Once you find the line with "B)) \<le> exp" in the entries below, return exactly every line from it through the line with "(simp add: mult.assoc)".

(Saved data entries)
*** Begin section ***

text \<open>The secant slope of \<open>r \<mapsto> (r - 1) / (r + 1)\<close> between \<open>r0\<close> and \<open>r1\<close> is
  \<open>2 / ((r0 + 1) (r1 + 1)) \<ge> 1 / (2 e\<^sup>4\<^sup>l r0)\<close>, while \<open>r1 - r0 \<ge> 4 a r0\<close>.\<close>
lemma ratio_gap_lower_bound:
  fixes r0 r1 a l :: real
  assumes "r0 > 0" "r1 > 0" "exp (4 * a) * r0 \<le> r1" "exp (- (2 * l)) \<le> r0" "r1 \<le> exp (2 * l)"
    and "a > 0" "l \<ge> 0"
  shows "2 * a * exp (- (4 * l)) \<le> (r1 - 1) / (r1 + 1) - (r0 - 1) / (r0 + 1)"
proof -
  define E where "E = exp (2 * l)"
  have E1: "E \<ge> 1" unfolding E_def using assms by simp
  have e4: "exp (- (4 * l)) = 1 / (E * E)"
    unfolding E_def by (simp add: exp_minus exp_add[symmetric] inverse_eq_divide)
  have "(1 + 4 * a) * r0 \<le> exp (4 * a) * r0"
    using assms(1) exp_ge_add_one_self[of "4 * a"] by (intro mult_right_mono) auto
  hence gap: "4 * a * r0 \<le> r1 - r0" using assms(3) by (simp add: algebra_simps)
  have diff: "(r1 - 1) / (r1 + 1) - (r0 - 1) / (r0 + 1) = 2 * (r1 - r0) / ((r1 + 1) * (r0 + 1))"
    using assms by (simp add: field_simps)
  have r0E: "1 \<le> E * r0"
    using assms(4) E1 unfolding E_def by (simp add: exp_minus field_simps)
  have "r1 + 1 \<le> 2 * E" using assms(5) E1 unfolding E_def by linarith
  hence "(r1 + 1) * (r0 + 1) \<le> (2 * E) * (r0 + 1)"
    using assms(1) by (intro mult_right_mono) auto
  also have "\<dots> \<le> E * E * (4 * r0)"
  proof -
    have "E * 1 \<le> E * (E * r0)" using E1 r0E by (intro mult_left_mono) auto
    moreover have "1 * (E * r0) \<le> E * (E * r0)" using E1 r0E by (intro mult_right_mono) auto
    ultimately show ?thesis by (simp add: algebra_simps)
  qed
  finally have denom: "(r1 + 1) * (r0 + 1) \<le> E * E * (4 * r0)" .
  have pos: "(r1 + 1) * (r0 + 1) > 0" using assms by simp
  have "2 * a * exp (- (4 * l)) = 2 * a / (E * E)" using e4 by simp
  also have "\<dots> \<le> 2 * (4 * a * r0) / ((r1 + 1) * (r0 + 1))"
  proof -
    have "2 * a * ((r1 + 1) * (r0 + 1)) \<le> 2 * a * (E * E * (4 * r0))"
      using denom assms by (intro mult_left_mono) auto
    thus ?thesis using pos E1 by (simp add: divide_simps)
  qed
  also have "\<dots> \<le> 2 * (r1 - r0) / ((r1 + 1) * (r0 + 1))"
    using gap pos by (intro divide_right_mono) auto
  finally show ?thesis using diff by simp
qed

definition block_mass :: "('a set \<Rightarrow> real) \<Rightarrow> 'a \<Rightarrow> 'a \<Rightarrow> 'a set \<Rightarrow> real" where
  "block_mass \<mu> u v A = \<mu> A + \<mu> (insert u A) + \<mu> (insert v A) + \<mu> (insert u (insert v A))"

lemma block_mass_pos: "block_mass (\<lambda>B. exp (E B)) u v A > 0"
  unfolding block_mass_def by (simp add: add_pos_pos)

text \<open>The mean of the spin \<open>\<plusminus>1\<close> at \<open>u\<close> under \<open>\<mu>\<close>, conditionally on the configuration
  \<open>A\<close> outside the block \<open>{u, v}\<close>.\<close>
definition block_mean :: "('a set \<Rightarrow> real) \<Rightarrow> 'a \<Rightarrow> 'a \<Rightarrow> 'a set \<Rightarrow> real" where
  "block_mean \<mu> u v A =
     (\<mu> (insert u A) + \<mu> (insert u (insert v A)) - \<mu> A - \<mu> (insert v A)) / block_mass \<mu> u v A"

lemma block_mean_of_modular:
  fixes E :: "'a set \<Rightarrow> real"
  assumes "E (insert u (insert v A)) + E A = E (insert u A) + E (insert v A)"
  defines "r \<equiv> exp (E (insert u A) - E A)"
  shows "block_mean (\<lambda>B. exp (E B)) u v A = (r - 1) / (r + 1)"
proof -
  have u: "exp (E (insert u A)) = r * exp (E A)"
    unfolding r_def by (simp add: exp_diff)
  have uv: "exp (E (insert u (insert v A))) = r * exp (E (insert v A))"
  proof -
    have "E (insert u (insert v A)) = (E (insert u A) - E A) + E (insert v A)" using assms by linarith
    thus ?thesis unfolding r_def by (simp add: exp_add)
  qed
  define S where "S = exp (E A) + exp (E (insert v A))"
  have "S > 0" "r > 0" unfolding S_def r_def by (simp_all add: add_pos_pos)
  moreover have "block_mass (\<lambda>B. exp (E B)) u v A = (r + 1) * S"
    unfolding block_mass_def u uv S_def by (simp add: algebra_simps)
  moreover have "exp (E (insert u A)) + exp (E (insert u (insert v A))) - exp (E A) - exp (E (insert v A))
      = (r - 1) * S"
    unfolding u uv S_def by (simp add: algebra_simps)
  ultimately show ?thesis
    unfolding block_mean_def by simp
qed

lemma block_mean_gap:
  fixes E :: "'a set \<Rightarrow> real"
  assumes modular: "\<And>B. u \<notin> B \<Longrightarrow> v \<notin> B \<Longrightarrow>
      E (insert u (insert v B)) + E B = E (insert u B) + E (insert v B)"
    and interaction: "4 * a \<le> E (insert u (insert j A)) + E A - E (insert u A) - E (insert j A)"
    and flip: "\<And>B. u \<notin> B \<Longrightarrow> \<bar>E (insert u B) - E B\<bar> \<le> 2 * l"
    and "u \<notin> A" "v \<notin> A" "u \<noteq> j" "v \<noteq> j" "a > 0" "l \<ge> 0"
  shows "2 * a * exp (- (4 * l)) \<le>
    block_mean (\<lambda>B. exp (E B)) u v (insert j A) - block_mean (\<lambda>B. exp (E B)) u v A"
proof -
  have "2 * a * exp (- (4 * l)) \<le>
      (exp (E (insert u (insert j A)) - E (insert j A)) - 1) / (exp (E (insert u (insert j A)) - E (insert j A)) + 1)
      - (exp (E (insert u A) - E A) - 1) / (exp (E (insert u A) - E A) + 1)"
  proof (rule ratio_gap_lower_bound)
    show "exp (4 * a) * exp (E (insert u A) - E A) \<le> exp (E (insert u (insert j A)) - E (insert j A))"
      using interaction by (simp flip: exp_add)
    show "exp (- (2 * l)) \<le> exp (E (insert u A) - E A)"
      using flip[of A] assms(4) by simp
    show "exp (E (insert u (insert j A)) - E (insert j A)) \<le> exp (2 * l)"
      using flip[of "insert j A"] assms(4,6) by simp
  qed (use assms in auto)
  also have "\<dots> = block_mean (\<lambda>B. exp (E B)) u v (insert j A) - block_mean (\<lambda>B. exp (E B)) u v A"
    using assms by (simp add: block_mean_of_modular)
  finally show ?thesis .
qed

lemma block_mass_flip_le:
  fixes E :: "'a set \<Rightarrow> real"
  assumes flip: "\<And>B. j \<notin> B \<Longrightarrow> \<bar>E (insert j B) - E B\<bar> \<le> 2 * l"
    and "j \<notin> A" "j \<noteq> u" "j \<noteq> v"
  shows "block_mass (\<lambda>B. exp (E B)) u v (insert j A) \<le> exp (2 * l) * block_mass (\<lambda>B. exp (E B)) u v A"
    and "block_mass (\<lambda>B. exp (E B)) u v A \<le> exp (2 * l) * block_mass (\<lambda>B. exp (E B)) u v (insert j A)"
proof -
  have le: "exp (E (insert j B)) \<le> exp (2 * l) * exp (E B)" "exp (E B) \<le> exp (2 * l) * exp (E (insert j B))"
    if "j \<notin> B" for B
    using flip[OF that] by (simp_all flip: exp_add)
  have "j \<notin> insert u A" "j \<notin> insert v A" "j \<notin> insert u (insert v A)" using assms by auto
  note le = le[OF assms(2)] le[OF this(1)] le[OF this(2)] le[OF this(3)]
  show "block_mass (\<lambda>B. exp (E B)) u v (insert j A) \<le> exp (2 * l) * block_mass (\<lambda>B. exp (E B)) u v A"
    "block_mass (\<lambda>B. exp (E B)) u v A \<le> exp (2 * l) * block_mass (\<lambda>B. exp (E B)) u v (insert j A)"
    unfolding block_mass_def using le by (simp_all add: insert_commute algebra_simps)
qed

lemma product_of_gaps_lower_bound:
  fixes N0 N1 R D p q :: real
  assumes "N0 > 0" "N1 > 0" "R > 0" "(N0 + N1)^2 \<le> 4 * R * (N0 * N1)"
    and "0 < D" "D \<le> p" "D \<le> q"
  shows "D^2 / (4 * R) * (N0 + N1) \<le> N0 * N1 * p * q / (N0 + N1)"
proof -
  have "(N0 + N1)^2 * D^2 \<le> (4 * R * (N0 * N1)) * D^2"
    using assms(4) by (rule mult_right_mono) simp
  hence "(N0 + N1)^2 * D^2 / (4 * R) \<le> N0 * N1 * D^2"
    using assms(3) by (simp add: divide_simps algebra_simps)
  also have "\<dots> \<le> N0 * N1 * (p * q)"
    using assms by (intro mult_left_mono) (auto simp: power2_eq_square intro: mult_mono)
  finally have "(N0 + N1)^2 * D^2 / (4 * R) \<le> N0 * N1 * p * q" by (simp add: mult.assoc)
  thus ?thesis using assms by (simp add: divide_simps power2_eq_square mult.commute mult.left_commute)
qed
(* For every $\alpha>1$, the Ces\`aro operator $C_1(f)(z)=\int_0^z\frac{f(w)}{w(1-w)}\,dw$ is a bounded linear operator from $(\mathcal{B}_\alpha^0,\|\cdot\|_{\mathcal{B}_\alpha})$ to itself.
   Context: $\mathbb{D}=\{z\in\mathbb{C}:|z|<1\}$. For $\alpha>0$, the $\alpha$-Bloch space $\mathcal{B}_\alpha$ is the space of analytic functions $f$ on $\mathbb{D}$ with $\|f\|_{\mathcal{B}_\alpha}:=\sup_{z\in\mathbb{D}}(1-|z|^2)^\alpha|f'(z)|<\infty$. $\mathcal{B}_\alpha^0=\{f\in\mathcal{B}_\alpha: f(0)=0\}$, normed by $\|\cdot\|_{\mathcal{B}_\alpha}$. *)

theory Defs
  imports "HOL-Complex_Analysis.Complex_Analysis"
begin

definition in_bloch :: "real \<Rightarrow> (complex \<Rightarrow> complex) \<Rightarrow> bool" where
  "in_bloch \<alpha> f \<longleftrightarrow> f holomorphic_on ball 0 1 \<and>
     bdd_above ((\<lambda>z. (1 - (cmod z)\<^sup>2) powr \<alpha> * cmod (deriv f z)) ` ball 0 1)"

definition bloch_norm :: "real \<Rightarrow> (complex \<Rightarrow> complex) \<Rightarrow> real" where
  "bloch_norm \<alpha> f = (SUP z\<in>ball 0 1. (1 - (cmod z)\<^sup>2) powr \<alpha> * cmod (deriv f z))"

definition bloch0 :: "real \<Rightarrow> (complex \<Rightarrow> complex) set" where
  "bloch0 \<alpha> = {f. in_bloch \<alpha> f \<and> f 0 = 0}"

definition cesaro1 :: "(complex \<Rightarrow> complex) \<Rightarrow> complex \<Rightarrow> complex" where
  "cesaro1 f z = contour_integral (linepath 0 z) (\<lambda>w. f w / (w * (1 - w)))"

end

theory Submission
  imports Defs
begin

(* Away from 0 the derivative of C_1 f is f(z)/(z(1-z)), so it suffices to bound
   (1-|z|^2)^alpha |f(z)| / (|z| |1-z|) by a multiple of the Bloch norm N of f.
   Since f(0) = 0, integrating f' along the radius gives two growth estimates:
   |f(z)| <= N |z| / (1-|z|^2)^alpha, which handles |z| <= 1/2 (there |1-z| >= 1/2),
   and |f(z)| <= N (1-|z|)^(1-alpha) / (alpha-1), which needs alpha > 1 and handles
   |z| >= 1/2 (there |z| |1-z| >= (1-|z|)/2 and (1-|z|^2)^alpha <= 2^alpha (1-|z|)^alpha). *)

lemma bloch0_D:
  assumes "f \<in> bloch0 \<alpha>"
  shows "in_bloch \<alpha> f" "f holomorphic_on ball 0 1" "f 0 = 0"
  using assms unfolding bloch0_def in_bloch_def by auto

lemma bloch_weighted_deriv_le_norm:
  assumes "in_bloch \<alpha> f" "w \<in> ball 0 1"
  shows "(1 - (cmod w)\<^sup>2) powr \<alpha> * cmod (deriv f w) \<le> bloch_norm \<alpha> f"
  using assms unfolding in_bloch_def bloch_norm_def by (auto intro!: cSUP_upper)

*** End section ***

Task solution ▸
  have le: "exp (E (insert j B)) \<le> exp (2 * l) * exp (E B)" "exp (E B) \<le> exp (2 * l) * exp (E (insert j B))"
    if "j \<notin> B" for B
    using flip[OF that] by (simp_all flip: exp_add)
  have "j \<notin> insert u A" "j \<notin> insert v A" "j \<notin> insert u (insert v A)" using assms by auto
  note le = le[OF assms(2)] le[OF this(1)] le[OF this(2)] le[OF this(3)]
  show "block_mass (\<lambda>B. exp (E B)) u v (insert j A) \<le> exp (2 * l) * block_mass (\<lambda>B. exp (E B)) u v A"
    "block_mass (\<lambda>B. exp (E B)) u v A \<le> exp (2 * l) * block_mass (\<lambda>B. exp (E B)) u v (insert j A)"
    unfolding block_mass_def using le by (simp_all add: insert_commute algebra_simps)
qed

lemma product_of_gaps_lower_bound:
  fixes N0 N1 R D p q :: real
  assumes "N0 > 0" "N1 > 0" "R > 0" "(N0 + N1)^2 \<le> 4 * R * (N0 * N1)"
    and "0 < D" "D \<le> p" "D \<le> q"
  shows "D^2 / (4 * R) * (N0 + N1) \<le> N0 * N1 * p * q / (N0 + N1)"
proof -
  have "(N0 + N1)^2 * D^2 \<le> (4 * R * (N0 * N1)) * D^2"
    using assms(4) by (rule mult_right_mono) simp
  hence "(N0 + N1)^2 * D^2 / (4 * R) \<le> N0 * N1 * D^2"
    using assms(3) by (simp add: divide_simps algebra_simps)
  also have "\<dots> \<le> N0 * N1 * (p * q)"
    using assms by (intro mult_left_mono) (auto simp: power2_eq_square intro: mult_mono)
  finally have "(N0 + N1)^2 * D^2 / (4 * R) \<le> N0 * N1 * p * q" by (simp add: mult.assoc)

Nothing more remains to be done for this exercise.